Types of childhood abuse: whether physical, sexual or emotional abuse

Study region (country)

Single intervention versus combination: receive one treatment at a time or receive several treatments

Psychological individual versus group interventions: receiving psychotherapy individually or in group of patients

Acute, chronic, complex PTSD: number of traumatic events exposed to

Severity of PTSD

Type of intervention (pharmacological vs psychological)

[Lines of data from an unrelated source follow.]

(* Let Assumptions 1 and 2 hold, let $\eta>0$, and define $\mathcal R:\Delta_N\to\mathbb{R}$ by $\mathcal R(x)=\sup_{\theta\in\mathbb{R}^N}\{\langle\theta,x\rangle-\varphi_\eta(\theta)\}$ (equivalently $\mathcal R=\eta\varphi_1^*$, where $\varphi_1^*$ is the convex conjugate of $\varphi_1$). Then: (i) $\mathcal R$ is $\frac{\eta}{L}$-strongly convex on $\Delta_N$ with respect to $\|\cdot\|_\infty$, i.e. $\mathcal R(\lambda x+(1-\lambda)y)\le\lambda\mathcal R(x)+(1-\lambda)\mathcal R(y)-\frac{\eta}{2L}\lambda(1-\lambda)\|x-y\|_\infty^2$ for all $x,y\in\Delta_N$, $\lambda\in[0,1]$; (ii) $\mathcal R$, viewed as a function on the affine hull $\{x:\sum_ix_i=1\}$, is differentiable at every point of the relative interior of $\Delta_N$; (iii) for every $\theta\in\mathbb{R}^N$, the problem $\max_{x\in\Delta_N}\{\langle\theta,x\rangle-\mathcal R(x)\}$ has a unique solution, and this solution is $\nabla\varphi_\eta(\theta)$.
   Context: Let $N\ge 2$, $A=\{1,\dots,N\}$, and $\Delta_N=\{x\in\mathbb{R}^N: x_i\ge 0,\ \sum_i x_i=1\}$. Let $\epsilon=(\epsilon_1,\dots,\epsilon_N)$ be a random vector satisfying Assumption 1: each $\epsilon_i$ is integrable with $\mathbb{E}[\epsilon_i]=0$, and the law of $\epsilon$ is absolutely continuous with respect to Lebesgue measure on $\mathbb{R}^N$ with support all of $\mathbb{R}^N$. For $\eta>0$ the social surplus function is $\varphi_\eta(\theta)=\mathbb{E}[\max_{j\in A}(\theta_j+\eta\epsilon_j)]$, $\theta\in\mathbb{R}^N$; thus $\varphi_\eta(\theta)=\eta\varphi_1(\theta/\eta)$. $\varphi_\eta$ is convex and differentiable with $\nabla\varphi_\eta(\theta)\in\Delta_N$. Assumption 2: $\varphi_1$ is twice continuously differentiable and there is a constant $L>0$ with $2\,\mathrm{tr}(\nabla^2\varphi_1(\theta))\le L$ for all $\theta\in\mathbb{R}^N$. *)

theory Defs
  imports "HOL-Probability.Probability"
begin

text \<open>Here the random vector epsilon is represented by its law P, a probability
measure on the Borel sets of real^'n; the index type 'n plays the role of A.\<close>

definition surplus :: "(real^'n::finite) measure \<Rightarrow> real \<Rightarrow> real^'n \<Rightarrow> real" where
  "surplus P \<eta> \<theta> = (\<integral>e. Max (range (\<lambda>j. \<theta>$j + \<eta> * e$j)) \<partial>P)"

definition prob_simplex :: "(real^'n::finite) set" where
  "prob_simplex = {x. (\<forall>i. 0 \<le> x$i) \<and> (\<Sum>i\<in>UNIV. x$i) = 1}"

definition regR :: "(real^'n::finite) measure \<Rightarrow> real \<Rightarrow> real^'n \<Rightarrow> real" where
  "regR P \<eta> x = (SUP \<theta>. \<theta> \<bullet> x - surplus P \<eta> \<theta>)"

end

theory Submission
  imports Defs
begin

text \<open>
  R is the convex conjugate of F = phi_eta, and the argument only uses a few properties of F:
  F is convex, differentiable and monotone,
  F(theta + c(1,...,1)) = F(theta) + c, max_j theta_j \<le> F(theta), F is strictly convex in every
  direction other than (1,...,1), and along each coordinate axis its curvature is at most 2C.
  For phi_1 these follow from the max-of-sums form of the integrand, the mean-zero and full-support
  assumptions on epsilon, and the trace bound on the Hessian (C = L/4); the scaling
  phi_eta(theta) = eta phi_1(theta/eta) turns C into L/(4 eta).

  (iii) x maximises theta.x - R(x) over the simplex iff x is a subgradient of F at theta,
  i.e. x = grad F(theta).
  (i) Moving theta along one coordinate axis inside the supremum defining R and using the curvature
  bound gives strong convexity of R in the coordinate difference x_k - y_k, hence in the sup norm.
  (ii) Every x with positive entries equals grad F(theta) for a minimiser theta of
  F(theta) - theta.x. Strict convexity makes the Bregman divergence of F at theta grow linearly
  away from the line R(1,...,1), which bounds R(y) - R(x) - theta.(y - x) by o(|y - x|).
\<close>

definition vmax :: "real^'n::finite \<Rightarrow> real" where
  "vmax v = Max (range (\<lambda>j. v$j))"

lemma component_le_vmax: "v$j \<le> vmax v"
  unfolding vmax_def by (rule Max_ge) auto

lemma vmax_le_iff: "vmax v \<le> b \<longleftrightarrow> (\<forall>j. v$j \<le> b)"
  unfolding vmax_def by (subst Max_le_iff) auto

Type of psychological interventions

Type of pharmacological interventions

Consistency assessment

Consistency is another assumption in NMA which refers to the agreement between direct and indirect estimates of the same treatment compared.54 65 This assumption can only be evaluated if a closed loop exists where there are direct and indirect comparisons of treatments.55 Consistency will be evaluated through statistically comparing direct and indirect summary effects.

Qualitative analysis

Qualitative analysis will be performed by examining safety of treatments and addressing all possible side effects in all included studies.

Patient and public involvement

No patients involved.

Ethics and dissemination

This research does not require the approval of ethical board as it does not involve dealing with humans or animals as it relies on reviewing of literature. Findings of this review will be published in a peer-reviewed journal.